Data records:
────────────────

(* Let $\Gamma=(V,E)$ be a $2$-connected finite graph and let $$Z_\Gamma(q,v)=\sum_{A\subseteq E}q^{k(A)}v^{|A|},$$ where $k(A)$ is the number of connected components (including isolated vertices) of the spanning subgraph $(V,A)$. Write $Z_\Gamma(q,v)=q\,\widetilde Z_\Gamma(q,v)$ in $\mathbb{C}[q,v]$. Then $\widetilde Z_\Gamma(q,v)$ is irreducible in $\mathbb{C}[q,v]$. The same holds in the variables $(q,y)$ with $y=v+1$.
   Context: A graph is $2$-connected if it has at least three vertices and no vertex whose removal disconnects it. $Z_\Gamma$ is the partition function of the $q$-state Potts model in the Fortuin–Kasteleyn representation; it is divisible by $q$ since $k(A)\ge1$ for all $A$. *)

theory Defs
  imports Complex_Main "HOL-Computational_Algebra.Polynomial_Factorial"
begin

definition simple_graph :: "'a set \<Rightarrow> 'a set set \<Rightarrow> bool" where
  "simple_graph V E \<longleftrightarrow> finite V \<and> (\<forall>e\<in>E. e \<subseteq> V \<and> card e = 2)"

definition adj :: "'a set set \<Rightarrow> ('a \<times> 'a) set" where
  "adj A = {(x, y). {x, y} \<in> A}"

definition conn_rel :: "'a set \<Rightarrow> 'a set set \<Rightarrow> ('a \<times> 'a) set" where
  "conn_rel V A = {(x, y). x \<in> V \<and> y \<in> V \<and> (x, y) \<in> (adj A)\<^sup>*}"

definition num_components :: "'a set \<Rightarrow> 'a set set \<Rightarrow> nat" where
  "num_components V A = card (V // conn_rel V A)"

definition graph_connected :: "'a set \<Rightarrow> 'a set set \<Rightarrow> bool" where
  "graph_connected V E \<longleftrightarrow> V \<noteq> {} \<and> (\<forall>x\<in>V. \<forall>y\<in>V. (x, y) \<in> (adj E)\<^sup>*)"

definition delete_vertex_edges :: "'a \<Rightarrow> 'a set set \<Rightarrow> 'a set set" where
  "delete_vertex_edges w E = {e \<in> E. w \<notin> e}"

definition two_connected :: "'a set \<Rightarrow> 'a set set \<Rightarrow> bool" where
  "two_connected V E \<longleftrightarrow> card V \<ge> 3 \<and> graph_connected V E \<and>
     (\<forall>w\<in>V. graph_connected (V - {w}) (delete_vertex_edges w E))"

text \<open>C[q,v] is represented as (C[q])[v], i.e. the type complex poly poly:
  the outer variable is v (resp. y), the coefficients are polynomials in q.\<close>

definition var_q :: "complex poly poly" where
  "var_q = [:[:0, 1:]:]"

definition var_outer :: "complex poly poly" where
  "var_outer = [:0, 1:]"

definition potts_Z :: "'a set \<Rightarrow> 'a set set \<Rightarrow> complex poly poly" where
  "potts_Z V E = (\<Sum>A\<in>Pow E. var_q ^ num_components V A * var_outer ^ card A)"

text \<open>The same polynomial in the variables (q,y), y = v + 1, i.e. v = y - 1.\<close>
definition potts_Z_y :: "'a set \<Rightarrow> 'a set set \<Rightarrow> complex poly poly" where
  "potts_Z_y V E = (\<Sum>A\<in>Pow E. var_q ^ num_components V A * (var_outer - 1) ^ card A)"

end

(*
  Write Z = q W. Setting q = 1 gives W(1, y) = (sum over A of (y - 1)^|A|) = y^|E|, and W is
  monic of degree |E| in y, so Eisenstein's criterion for the prime q - 1 of C[q] shows that W
  is irreducible as soon as (q - 1)^2 does not divide W(q, 0) = sum over A of (-1)^|A| q^(k(A) - 1).
  The derivative of W(q, 0) at q = 1 is, up to sign, Crapo's beta invariant of the cycle
  matroid of the graph. The cycle matroid of a 2-connected graph is connected, and the beta
  invariant of a connected matroid of positive rank is positive: it satisfies the
  deletion-contraction recursion, and by Tutte's theorem one of the deletion and the
  contraction of an element stays connected. The statement in (q, v) follows by the
  substitution y = v + 1, which preserves irreducibility.
*)

theory Submission
  imports Defs
begin

section \<open>Crapo's beta invariant\<close>

lemma sum_Pow_power_card:
  fixes x :: "'b::comm_semiring_1"
  assumes "finite F"
  shows "(\<Sum>A\<in>Pow F. x ^ card A) = (x + 1) ^ card F"
  using prod_add[OF assms, of "\<lambda>_. x" "\<lambda>_. 1"] by simp

lemma sum_Pow_neg_one_power_card:
  assumes "finite F" "F \<noteq> {}"
  shows "(\<Sum>A\<in>Pow F. (-1::'b::comm_ring_1) ^ card A) = 0"
  using sum_Pow_power_card[OF assms(1), of "-1::'b"] assms by (simp add: power_0_left)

────────────────

The answer should be exactly the lines from the one that contains "using prod_add[OF assms, of" through the end of the entries, both ends included, and nothing besides.

  using prod_add[OF assms, of "\<lambda>_. x" "\<lambda>_. 1"] by simp

lemma sum_Pow_neg_one_power_card:
  assumes "finite F" "F \<noteq> {}"
  shows "(\<Sum>A\<in>Pow F. (-1::'b::comm_ring_1) ^ card A) = 0"
  using sum_Pow_power_card[OF assms(1), of "-1::'b"] assms by (simp add: power_0_left)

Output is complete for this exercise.